MadSci Network: Engineering

Re: Pertaining to amplfiers- what is power added efficiency

Date: Wed Apr 4 03:40:43 2001
Posted By: Bruno Putzeys, Staff, Electroacoustics and Analog Electronics, Philips ITCL
Area of science: Engineering
ID: 985749775.Eg


In low-frequency (power) amplifiers it is common to operate them in 
voltage-in voltage-out mode, because they have a very high input impedance 
and a very low output impedance. This means the output is capable of 
delivering power into about any kind of load whilst the input needs 
virtually no power at all.

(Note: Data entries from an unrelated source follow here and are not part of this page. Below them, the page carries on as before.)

lemma achievement_set_reindex: "achievement_set (x \<circ> \<sigma>) = achievement_set x"
proof -
  have "{C. infsum (x \<circ> \<sigma>) C = z} \<noteq> {} \<longleftrightarrow> {A. infsum x A = z} \<noteq> {}" for z
    using bij_betw_representations_reindex[of z] by (metis bij_betw_def image_is_empty)
  then have "range (infsum (x \<circ> \<sigma>)) = range (infsum x)"
    by (auto simp: image_iff) (metis (mono_tags) empty_Collect_eq)+
  then show ?thesis
    using x admissible_seq_reindex by (simp add: achievement_set_eq)
qed

lemma cardinal_function_reindex: "cardinal_function (x \<circ> \<sigma>) = cardinal_function x"
  using cardval_bij_betw[OF bij_betw_representations_reindex] x admissible_seq_reindex
  by (auto simp: cardinal_function_eq)

end

section \<open>Kakeya's condition\<close>

primrec greedy_sum :: "(nat \<Rightarrow> real) \<Rightarrow> nat \<Rightarrow> real \<Rightarrow> nat \<Rightarrow> real" where
  "greedy_sum y m z 0 = 0"
| "greedy_sum y m z (Suc k) =
     (if greedy_sum y m z k + y (m + k) \<le> z then greedy_sum y m z k + y (m + k)
      else greedy_sum y m z k)"

context
  fixes y :: "nat \<Rightarrow> real"
  assumes y: "admissible_seq y"
    and kakeya: "\<And>n. y n \<le> infsum y {Suc n..}"
begin

lemma greedy_sum_bounds:
  assumes "0 \<le> z" "z \<le> infsum y {m..}"
  shows "greedy_sum y m z k \<le> z" and "z - greedy_sum y m z k \<le> infsum y {m + k..}"
proof -
  show "greedy_sum y m z k \<le> z"
    by (induction k) (use assms in auto)
  show "z - greedy_sum y m z k \<le> infsum y {m + k..}"
  proof (induction k)
    case 0
    then show ?case
      using assms by simp
  next
    case (Suc k)
    then show ?case
      using infsum_admissible_tail_Suc[OF y, of "m + k"] kakeya[of "m + k"] by auto
  qed
qed

lemma kakeya_tail_representation:
  assumes z: "0 \<le> z" "z \<le> infsum y {m..}"
  obtains B where "B \<subseteq> {m..}" "infsum y B = z"
proof -
  define g where "g = greedy_sum y m z"
  define B where "B = {m + k | k. g k + y (m + k) \<le> z}"
  have B_tail: "B \<subseteq> {m..}"
    by (auto simp: B_def)
  have g_eq: "g k = sum y (B \<inter> {..<m + k})" for k
  proof (induction k)
    case 0
    have "B \<inter> {..<m} = {}"
      using B_tail by auto
    then show ?case
      by (simp add: g_def)
  next
    case (Suc k)
    have "m + k \<in> B \<longleftrightarrow> g k + y (m + k) \<le> z"
      by (auto simp: B_def)
    moreover have "B \<inter> {..<m + Suc k} = (B \<inter> {..<m + k}) \<union> (B \<inter> {m + k})"
      by auto
    ultimately show ?case
      using Suc.IH by (cases "m + k \<in> B") (auto simp: g_def)
  qed
  have g_le: "g k \<le> z" and gap: "z - g k \<le> infsum y {m + k..}" for k
    using greedy_sum_bounds[OF z] by (simp_all add: g_def)
  have "\<bar>infsum y B - z\<bar> \<le> infsum y {m + k..}" for k
  proof -
    have "infsum y B = g k + infsum y (B \<inter> {m + k..})"
      unfolding g_eq by (rule infsum_admissible_split[OF y])
    moreover have "0 \<le> infsum y (B \<inter> {m + k..})" "infsum y (B \<inter> {m + k..}) \<le> infsum y {m + k..}"
      using y by (auto simp: infsum_admissible_nonneg infsum_admissible_mono)
    ultimately show ?thesis
      using g_le[of k] gap[of k] by linarith
  qed
  moreover have "(\<lambda>k. infsum y {m + k..}) \<longlonglongrightarrow> 0"
    using LIMSEQ_ignore_initial_segment[OF infsum_admissible_tail_LIMSEQ[OF y], of m]
    by (simp add: add.commute)
  ultimately have "\<bar>infsum y B - z\<bar> \<le> 0"
    by (intro LIMSEQ_le_const) auto
  then show ?thesis
    using B_tail that by simp
qed

lemma prefix_representation:
  assumes E: "E \<subseteq> {..<m}" and w: "sum y E \<le> w" "w \<le> sum y E + infsum y {m..}"
  obtains B where "infsum y B = w" "B \<inter> {..<m} = E"
proof -
  obtain C where C: "C \<subseteq> {m..}" "infsum y C = w - sum y E"
    using kakeya_tail_representation[of "w - sum y E" m] w by auto
  have "finite E"
    using E finite_subset by blast
  moreover have "E \<inter> C = {}"
  proof -
    have "x < m" "m \<le> x" if "x \<in> E" "x \<in> C" for x
      using that E C(1) by auto
    then show ?thesis
      by (meson disjoint_iff not_le)
  qed
  ultimately have "infsum y (E \<union> C) = w"
    using infsum_admissible_finite_Un[OF y] C(2) by simp
  moreover have "(E \<union> C) \<inter> {..<m} = E"
    using E C(1) by auto
  ultimately show ?thesis
    by (rule that)
qed

end

lemma kakeya_condition:
  assumes y: "admissible_seq y" and anti: "antimono y"
    and interval: "achievement_set y = {0..infsum y UNIV}"
  shows "y n \<le> infsum y {Suc n..}"
proof (rule ccontr)
  assume "\<not> ?thesis"
  then have gap: "infsum y {Suc n..} < y n"
    by simp
  define z where "z = (y n + infsum y {Suc n..}) / 2"
  have "infsum y {n..} \<le> infsum y UNIV"
    using y by (simp add: infsum_admissible_mono)
  then have "0 \<le> z" "z \<le> infsum y UNIV"
    using infsum_admissible_tail_Suc[OF y, of n] infsum_admissible_nonneg[OF y, of "{Suc n..}"] gap
    by (auto simp: z_def)
  then have "z \<in> range (infsum y)"
    using interval by (simp add: achievement_set_eq[OF y])
  then obtain B where B: "infsum y B = z"
    by (metis rangeE)
  show False
  proof (cases "B \<subseteq> {Suc n..}")
    case True
    then show False
      using infsum_admissible_mono[OF y True] B gap by (simp add: z_def)
  next
    case False
    then obtain k where "k \<in> B" "\<not> Suc n \<le> k"
      by auto
    then have "k \<in> B" "k \<le> n"
      by simp_all
    then have "y n \<le> infsum y B"
      using infsum_admissible_ge[OF y] antimonoD[OF anti] by (meson order.trans)
    then show False
      using B gap by (simp add: z_def)
  qed
qed

section \<open>Points with many representations\<close>

context
  fixes y :: "nat \<Rightarrow> real"
  assumes y: "admissible_seq y"
    and kakeya: "\<And>n. y n \<le> infsum y {Suc n..}"
    and strict: "\<And>M. \<exists>n\<ge>M. y n < infsum y {Suc n..}"
begin

text \<open>By Kakeya's condition the sums of the sets with prefix \<open>P\<close> below \<open>n\<close> fill the
  "cylinder" \<open>[sum y P, sum y P + infsum y {n..}]\<close>.\<close>

lemma exists_strict_cylinder_within:
  assumes E: "E \<subseteq> {..<m}" and uv: "u < v" "sum y E \<le> u" "v \<le> sum y E + infsum y {m..}"
  obtains n P where "m \<le> n" "P \<subseteq> {..<n}" "P \<inter> {..<m} = E" "y n < infsum y {Suc n..}"
    "u \<le> sum y P" "sum y P + infsum y {n..} \<le> v"
proof -
  let ?R = "\<lambda>n. infsum y {n..}"
  obtain M where M: "\<And>n. M \<le> n \<Longrightarrow> ?R n < (v - u) / 2"
    using order_tendstoD(2)[OF infsum_admissible_tail_LIMSEQ[OF y], of "(v - u) / 2"] uv(1)
    by (auto simp: eventually_sequentially)
  obtain n where n: "max M m \<le> n" "y n < ?R (Suc n)"
    using strict by blast
  define c where "c = (u + v) / 2"
  obtain B where B: "infsum y B = c" "B \<inter> {..<m} = E"
    using prefix_representation[OF y kakeya E, of c] uv by (auto simp: c_def)
  define P where "P = B \<inter> {..<n}"
  have "infsum y B = sum y P + infsum y (B \<inter> {n..})"
    unfolding P_def by (rule infsum_admissible_split[OF y])
  moreover have "0 \<le> infsum y (B \<inter> {n..})" "infsum y (B \<inter> {n..}) \<le> ?R n"
    using y by (auto simp: infsum_admissible_nonneg infsum_admissible_mono)
  ultimately have "c - ?R n \<le> sum y P" "sum y P \<le> c"
    using B(1) by auto
  moreover have "?R n < (v - u) / 2"
    using M n(1) by simp
  moreover have "u = c - (v - u) / 2" "v = c + (v - u) / 2"
    by (simp_all add: c_def field_simps)
  ultimately have "u \<le> sum y P" "sum y P + ?R n \<le> v"
    by linarith+
  moreover have "m \<le> n" "P \<subseteq> {..<n}" "P \<inter> {..<m} = E"
    using B(2) n(1) by (auto simp: P_def)
  ultimately show ?thesis
    using that n(2) by blast
qed

lemma many_representations_with_prefix:
  assumes "E \<subseteq> {..<m}" "u < v" "sum y E \<le> u" "v \<le> sum y E + infsum y {m..}"
  shows "\<exists>z\<in>{u..v}. \<exists>Bs. Suc k \<le> card Bs \<and> (\<forall>B\<in>Bs. infsum y B = z \<and> B \<inter> {..<m} = E)"
  using assms
proof (induction k arbitrary: E m u v)
  case 0
  then obtain B where "infsum y B = u" "B \<inter> {..<m} = E"
    using prefix_representation[OF y kakeya, of E m u] by auto
  then show ?case
    using 0(2) by (intro bexI[of _ u] exI[of _ "{B}"]) auto
next
  case (Suc k)
  obtain n P where n: "m \<le> n" "y n < infsum y {Suc n..}"
    and P: "P \<subseteq> {..<n}" "P \<inter> {..<m} = E" "u \<le> sum y P" "sum y P + infsum y {n..} \<le> v"
    using exists_strict_cylinder_within[OF Suc.prems] by blast
  have tail_n: "infsum y {n..} = y n + infsum y {Suc n..}"
    by (rule infsum_admissible_tail_Suc[OF y])
  have "finite P" "n \<notin> P"
    using P(1) finite_subset by auto
  then have "sum y (insert n P) = sum y P + y n"
    by simp
  then have "\<exists>z\<in>{sum y P + y n..sum y P + infsum y {Suc n..}}. \<exists>Bs. Suc k \<le> card Bs \<and>
      (\<forall>B\<in>Bs. infsum y B = z \<and> B \<inter> {..<Suc n} = insert n P)"
    using P(1) n(2) admissible_pos[OF y, of n] by (intro Suc.IH) auto
  then obtain z Bs where z: "sum y P + y n \<le> z" "z \<le> sum y P + infsum y {Suc n..}"
    and Bs: "Suc k \<le> card Bs" "\<forall>B\<in>Bs. infsum y B = z \<and> B \<inter> {..<Suc n} = insert n P"
    by auto
  txt \<open>A representation of \<open>z\<close> avoiding the index \<open>n\<close> differs from all those in \<open>Bs\<close>.\<close>
  have "P \<subseteq> {..<Suc n}"
    using P(1) by auto
  then obtain B0 where B0: "infsum y B0 = z" "B0 \<inter> {..<Suc n} = P"
    using prefix_representation[OF y kakeya, of P "Suc n" z] z admissible_pos[OF y, of n] by auto
  have "B0 \<notin> Bs"
    using Bs(2) B0(2) \<open>n \<notin> P\<close> by blast
  moreover have "finite Bs"
    using Bs(1) by (metis card.infinite not_less_eq_eq zero_le)
  ultimately have "Suc (Suc k) \<le> card (insert B0 Bs)"
    using Bs(1) by simp
  moreover have "B' \<inter> {..<m} = E" if "B' \<in> insert B0 Bs" for B'
  proof -
    have "P \<inter> {..<m} = E" "insert n P \<inter> {..<m} = E"
      using P(2) n(1) by auto
    moreover have "B' \<inter> {..<Suc n} = P \<or> B' \<inter> {..<Suc n} = insert n P"
      using that Bs(2) B0(2) by blast
    moreover have "B' \<inter> {..<m} = (B' \<inter> {..<Suc n}) \<inter> {..<m}"
      using n(1) by auto
    ultimately show ?thesis
      by metis
  qed
  moreover have "u \<le> z \<and> z \<le> v"
    using z P(3,4) tail_n admissible_pos[OF y, of n] by (intro conjI; linarith)
  moreover have "\<forall>B'\<in>insert B0 Bs. infsum y B' = z"
    using Bs(2) B0(1) by blast
  ultimately show ?case
    by (metis atLeastAtMost_iff)
qed

lemma many_representations:
  "\<exists>z. 0 \<le> z \<and> z \<le> infsum y UNIV \<and>
     (finite {B. infsum y B = z} \<longrightarrow> k < card {B. infsum y B = z})"
proof -
  have "0 < infsum y UNIV"
    using infsum_admissible_pos[OF y] by simp
  then obtain z Bs where "z \<in> {0..infsum y UNIV}" "Suc k \<le> card Bs" "\<forall>B\<in>Bs. infsum y B = z"
    using many_representations_with_prefix[of "{}" 0 0 "infsum y UNIV" k] by auto
  moreover have "finite {B. infsum y B = z} \<longrightarrow> card Bs \<le> card {B. infsum y B = z}"
    using \<open>\<forall>B\<in>Bs. infsum y B = z\<close> by (auto intro: card_mono)
  ultimately show ?thesis
    by auto
qed

end

section \<open>Binary expansions\<close>

definition halves :: "nat \<Rightarrow> real" where
  "halves k = (1 / 2) ^ Suc k"

definition binary_reps :: "real \<Rightarrow> nat set set" where
  "binary_reps t = {G. infsum halves G = t}"

definition dyadic :: "real \<Rightarrow> bool" where
  "dyadic t \<longleftrightarrow> (\<exists>j p :: nat. t = real j / 2 ^ p)"

lemma halves_eq: "halves = (\<lambda>k. 1 / 2 * (1 / 2) ^ k)"
  by (rule ext) (simp add: halves_def)

lemma admissible_halves: "admissible_seq halves"
proof -
  have "summable (\<lambda>k. 1 / 2 * (1 / 2 :: real) ^ k)"
    by (intro summable_mult summable_geometric) simp
  then show ?thesis
    by (simp add: admissible_seq_def halves_eq)
qed

lemma infsum_halves_tail: "infsum halves {m..} = (1 / 2) ^ m"
proof -
  have "suminf halves = 1"
    unfolding halves_eq using suminf_mult[OF summable_geometric[of "1 / 2 :: real"], of "1 / 2"]
    by (simp add: suminf_geometric)
  moreover have "sum halves {..<m} = 1 - (1 / 2) ^ m"
    by (induction m) (simp_all add: halves_def)
  ultimately show ?thesis
    by (simp add: infsum_admissible_tail[OF admissible_halves])
qed

lemma halves_eq_tail: "halves n = infsum halves {Suc n..}"
  by (simp add: infsum_halves_tail halves_def)

lemma infsum_halves_UNIV: "infsum halves UNIV = 1"
  using infsum_halves_tail[of 0] by simp

lemma binary_reps_nonempty_iff: "binary_reps t \<noteq> {} \<longleftrightarrow> 0 \<le> t \<and> t \<le> 1"
proof
  assume "binary_reps t \<noteq> {}"
  then obtain G where "infsum halves G = t"
    by (auto simp: binary_reps_def)
  then show "0 \<le> t \<and> t \<le> 1"
    using infsum_admissible_nonneg[OF admissible_halves, of G]
      infsum_admissible_mono[OF admissible_halves, of G UNIV] infsum_halves_UNIV by auto
next
  assume "0 \<le> t \<and> t \<le> 1"
  then obtain G where "infsum halves G = t"
    using kakeya_tail_representation[OF admissible_halves, of t 0] halves_eq_tail
      infsum_halves_tail[of 0]
    by auto
  then show "binary_reps t \<noteq> {}"
    by (auto simp: binary_reps_def)
qed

There the term "power efficiency" is simply the 
ratio of power delivered (to the load connected to the output) to power 
taken from the power supply.

In RF amplifiers it is not feasible to have this volts-in-volts-out 
operation as both output have to be interfaced with transmission lines 
(cables or circuit board traces long w.r.t. wavelength). In this case 
input and output have impedances matching the respective line connecting 
to them. This means the input actually requires power, and gain is 
specified as power gain. Now, if an amplifier has a power gain of 10, 
its "power added" is 9 times input power, as input power is considered to 
be supplied to the device too. Efficiency is calculated based not on total 
output power but on output power minus input power. Efficiency is then 
calculated as before.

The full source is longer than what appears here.